# SOURCE INFORMATION:
==================================================
text \<open>The product probability space Omega = [0,1]^E with the product of uniform
measures. For countable E the product sigma-field equals the Borel sigma-field
of the product topology.\<close>
definition cube_measure :: "'e set \<Rightarrow> ('e \<Rightarrow> real) measure" where
  "cube_measure E = PiM E (\<lambda>_. unit_interval_measure)"

end

theory Submission
  imports Defs
begin

text \<open>Every branch \<open>\<omega>' \<mapsto> \<omega>\<close> of the fibre condition inverts an affine map \<open>T\<close> of the
cube that contracts at most \<open>s\<close> coordinates, each by the factor \<open>a\<close> or \<open>1 - b\<close>; integrating
one coordinate at a time gives \<open>P D \<le> (1 / min a (1 - b))\<^sup>s P (T ` D)\<close> for measurable \<open>D\<close>.
As \<open>E\<close> is countable there are only countably many branches \<open>(S, L)\<close>, so \<open>A\<close> splits into
countably many disjoint measurable pieces, on each of which \<open>\<Phi>\<close> is such a map \<open>T\<close>. The
images of the pieces lie in \<open>B\<close>, and every point of \<open>B\<close> lies in at most \<open>2\<^sup>s\<close> of them,
because its fibre has at most one point for each \<open>L \<subseteq> S\<close>.\<close>

lemma space_unit_interval_measure: "space unit_interval_measure = {0..1}"
  unfolding unit_interval_measure_def by (simp add: space_restrict_space)

lemma prob_space_unit_interval_measure: "prob_space unit_interval_measure"
  unfolding unit_interval_measure_def
  by (rule prob_spaceI) (simp add: emeasure_restrict_space space_restrict_space)

lemma measurable_unit_interval_measure_iff:
  "f \<in> measurable M unit_interval_measure \<longleftrightarrow>
     f \<in> borel_measurable M \<and> f \<in> space M \<rightarrow> {0..1}"
  unfolding unit_interval_measure_def
  by (auto simp: measurable_restrict_space2_iff)

lemma nn_integral_unit_interval_affine_le:
  fixes h :: "real \<Rightarrow> ennreal"
  assumes h: "h \<in> borel_measurable unit_interval_measure"
    and p: "0 \<le> p" and c: "0 < c" "p + c \<le> 1"
  shows "(\<integral>\<^sup>+x. h (p + c * x) \<partial>unit_interval_measure)
           \<le> ennreal (1 / c) * (\<integral>\<^sup>+x. h x \<partial>unit_interval_measure)"
proof -
  have clamp: "(\<lambda>x::real. max 0 (min 1 x)) \<in> measurable borel unit_interval_measure"
    by (auto simp: measurable_unit_interval_measure_iff)
  define F where "F y = h (max 0 (min 1 y)) * indicator {0..1::real} ((y - p) / c)" for y
  have F[measurable]: "F \<in> borel_measurable borel"
    unfolding F_def using measurable_compose[OF clamp h] by measurable
  have affine_in_unit: "p + c * x \<in> {0..1}" if "x \<in> {0..1}" for x
  proof -
    have "0 \<le> c * x" "c * x \<le> c" using that c by (simp_all add: mult_left_le)
    with p c(2) show ?thesis by (simp only: atLeastAtMost_iff) linarith
  qed
  have "(\<integral>\<^sup>+x. h (p + c * x) \<partial>unit_interval_measure)
      = (\<integral>\<^sup>+x. h (p + c * x) * indicator {0..1} x \<partial>lborel)"
    unfolding unit_interval_measure_def by (rule nn_integral_restrict_space) simp
  also have "\<dots> = (\<integral>\<^sup>+x. F (p + c * x) \<partial>lborel)"
    using c affine_in_unit by (intro nn_integral_cong) (auto simp: F_def indicator_def)
  also have "\<dots> = ennreal (1 / c) * (\<integral>\<^sup>+y. F y \<partial>lborel)"
    using nn_integral_real_affine[OF F, of c p] c
    by (simp add: ennreal_mult[symmetric] mult.assoc[symmetric])
  also have "(\<integral>\<^sup>+y. F y \<partial>lborel) \<le> (\<integral>\<^sup>+y. h y * indicator {0..1} y \<partial>lborel)"
  proof (rule nn_integral_mono)
    fix y :: real
    have "(y - p) / c \<in> {0..1} \<Longrightarrow> y \<in> {0..1}"
      using p c by (auto simp: divide_simps)
    then show "F y \<le> h y * indicator {0..1} y"
      by (auto simp: F_def indicator_def)
  qed
  also have "\<dots> = (\<integral>\<^sup>+y. h y \<partial>unit_interval_measure)"
    unfolding unit_interval_measure_def by (rule nn_integral_restrict_space[symmetric]) simp
  finally show ?thesis
    by (simp add: mult_left_mono)
qed

lemma space_cube_measure: "space (cube_measure E) = (\<Pi>\<^sub>E i\<in>E. {0..1})"
  unfolding cube_measure_def by (simp add: space_PiM space_unit_interval_measure)

lemma prob_space_cube_measure: "prob_space (cube_measure E)"
  unfolding cube_measure_def by (intro prob_space_PiM prob_space_unit_interval_measure)

lemma measurable_cube_component[measurable]:
  "(\<lambda>w. w i) \<in> borel_measurable (cube_measure E)"
proof (cases "i \<in> E")
  case True
  have "(\<lambda>x. x) \<in> borel_measurable unit_interval_measure"
    unfolding unit_interval_measure_def by (simp add: measurable_restrict_space1)
  from measurable_compose[OF measurable_component_singleton[OF True] this]
  show ?thesis unfolding cube_measure_def by simp
next
  case False
  then have "w i = undefined" if "w \<in> space (cube_measure E)" for w
    using that by (auto simp: space_cube_measure PiE_def extensional_def)
  then show ?thesis
    by (subst measurable_cong[where g = "\<lambda>_. undefined"]) auto
qed

lemma measurable_into_cube_measure:
  assumes "\<And>i. i \<in> E \<Longrightarrow> (\<lambda>w. f w i) \<in> borel_measurable M"
    and "\<And>w i. w \<in> space M \<Longrightarrow> i \<in> E \<Longrightarrow> f w i \<in> {0..1}"
  shows "(\<lambda>w. restrict (f w) E) \<in> measurable M (cube_measure E)"
  unfolding cube_measure_def
proof (rule measurable_restrict)
  fix i assume "i \<in> E"
  with assms show "(\<lambda>w. f w i) \<in> measurable M unit_interval_measure"
    by (simp add: measurable_unit_interval_measure_iff Pi_iff)
qed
==================================================
# WHAT IS NEEDED:
Check each line of the records above for "dots", and copy those that have it.

# COMPLETED TASK:
  also have "\<dots> = (\<integral>\<^sup>+x. F (p + c * x) \<partial>lborel)"
  also have "\<dots> = ennreal (1 / c) * (\<integral>\<^sup>+y. F y \<partial>lborel)"
  also have "\<dots> = (\<integral>\<^sup>+y. h y \<partial>unit_interval_measure)"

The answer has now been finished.